The probability that the team had a winning season given attendance was more than 3.0 million is calculated as follows:

$\begin{array}{c}P\left(\begin{array}{l}\text{Winning season given}\\ \text{high attendance}\end{array}\right)=\frac{\left(\begin{array}{l}\text{Number of teams having winning season }\\ \text{and high attendance}\end{array}\right)}{\text{Number of teams having high attendance}}\\ =\frac{7}{9}\\ =0.7778\end{array}$

Thus, the probability that the team had a winning season given attendance was more than 3.0 million is 0.7778.

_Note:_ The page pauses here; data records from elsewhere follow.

lemma rational_walk_prods: "rational (walk_prods M n i j)"
  unfolding walk_prods_def by (intro rat_un rational_paths_below rat_fin) simp

lemma walk_prods_Cons: "w \<in> walk_prods M n l j \<Longrightarrow> l < n \<Longrightarrow> M i l * w \<in> walk_prods M n i j"
proof (cases "w \<in> paths_below M n l j")
  case True
  assume "l < n"
  with True obtain vs where "M i l * w = path_prod M i (l # vs) j" "set (l # vs) \<subseteq> {..<n}"
    unfolding paths_below_def by auto
  then show ?thesis unfolding walk_prods_def paths_below_def by blast
next
  case False
  assume "w \<in> walk_prods M n l j"
  with False have "M i l * w = path_prod M i [] j"
    unfolding walk_prods_def by (auto split: if_splits)
  then show ?thesis unfolding walk_prods_def paths_below_def by fastforce
qed

section \<open>Matrix star in an R-dioid\<close>

lemma mult_mat_pow_dle:
  assumes "\<forall>w \<in> walk_prods M n i j. dle (c * w) u"
  shows "dle (c * mat_pow n M k i j) u"
  using assms
proof (induction k arbitrary: i c)
  case 0
  then show ?case by (cases "i = j") (auto simp: mat_one_def walk_prods_def zero_dle)
next
  case (Suc k)
  have "dle ((c * M i l) * mat_pow n M k l j) u" if "l < n" for l
  proof (rule Suc.IH, rule ballI)
    fix w assume "w \<in> walk_prods M n l j"
    then have "M i l * w \<in> walk_prods M n i j" using walk_prods_Cons that by blast
    then show "dle ((c * M i l) * w) u" using Suc.prems by (simp add: mult.assoc)
  qed
  then have "dle (\<Sum>l<n. c * (M i l * mat_pow n M k l j)) u"
    by (intro sum_dle) (simp add: mult.assoc)
  then show ?case by (simp add: mat_mult_def sum_distrib_left)
qed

4. The probability that the team has a winning season and attracted fewer than 2.0 million attendance is calculated as follows:

$\begin{array}{c}P\left(\begin{array}{l}\text{Winning season and}\\ \text{low attendance}\end{array}\right)=\frac{\left(\begin{array}{l}\text{Number of teams having }\\ \text{winning season and low attendace}\end{array}\right)}{\text{Total number of teams}}\\ =\frac{3}{30}\\ =0.1\end{array}$

Thus, the probability that the team has a winning season and attracted fewer than 2.0 million attendance is 0.1.

To determine

Construct a table showing the number of teams with a winning season versus those that play in new or old stadiums.

1. Find the probability to select a team with winning season.

2. Find the probability of selecting a team with a winning record and playing in a new stadium.

3. Find the probability that the team had a winning record or played in a new stadium.

Answer to Problem 93DE

1. The probability of selecting a team with winning season is 0.5667.

2. The probability of selecting a team with a winning record and playing in a new stadium is 0.2667.

3. The probability that the team had a winning record or played in a new stadium is 0.8.

Explanation of Solution

Wins of the team are classified into two categories, namely, winning season (81 or more) and not winning season (less than 81); stadium with two categories: new (less than 15 years old) and old (15 years old or more).

The relationship between the number of teams with a winning season versus those that play in new or old stadiums is shown in the following table:

	Season		Total
	Winning	Not winning
New stadium	8	7	15
Old stadium	9	6	15
Total	17	13	30

1.

The probability of selecting a team with winning season is calculated as follows:

$\begin{array}{c}P\left(\text{Winning season}\right)=\frac{\text{Number of teams having winning season}}{\text{Total number teams}}\\ =\frac{17}{30}\\ =0.5667\end{array}$

Thus, the probability that the team had a winning season is 0.5667.

2.

The probability of selecting a team with a winning record and playing in a new stadium is calculated as follows:

$\begin{array}{c}P\left(\begin{array}{l}\text{Winning season and}\\ \text{playing in new stadium}\end{array}\right)=\frac{\left(\begin{array}{l}\text{Winning season and}\\ \text{playing in new stadium}\end{array}\right)}{\text{Total number of teams}}\\ =\frac{8}{30}\\ =0.2667\end{array}$

Thus, the probability of selecting a team with a winning record and playing in a new stadium is 0.2667.

3.

The probability that the team had a winning record or played in a new stadium is calculated as follows:

$\begin{array}{c}P\left(\begin{array}{l}\text{Winning season or}\\ \text{played in new stadium}\end{array}\right)=\left\{\begin{array}{c}\frac{\text{winning season}}{\text{Total number of teams}}+\frac{\text{playing in new stadium}}{\text{Total number of teams}}-\\ \frac{\left(\begin{array}{l}\text{winning season and}\\ \text{playing in new stadium}\end{array}\right)}{\text{Total number of teams}}\end{array}\right\}\\ =\frac{17}{30}+\frac{15}{30}-\frac{8}{30}\\ =0.8\end{array}$

Thus, the probability that the team had a winning record or played in a new stadium is 0.8.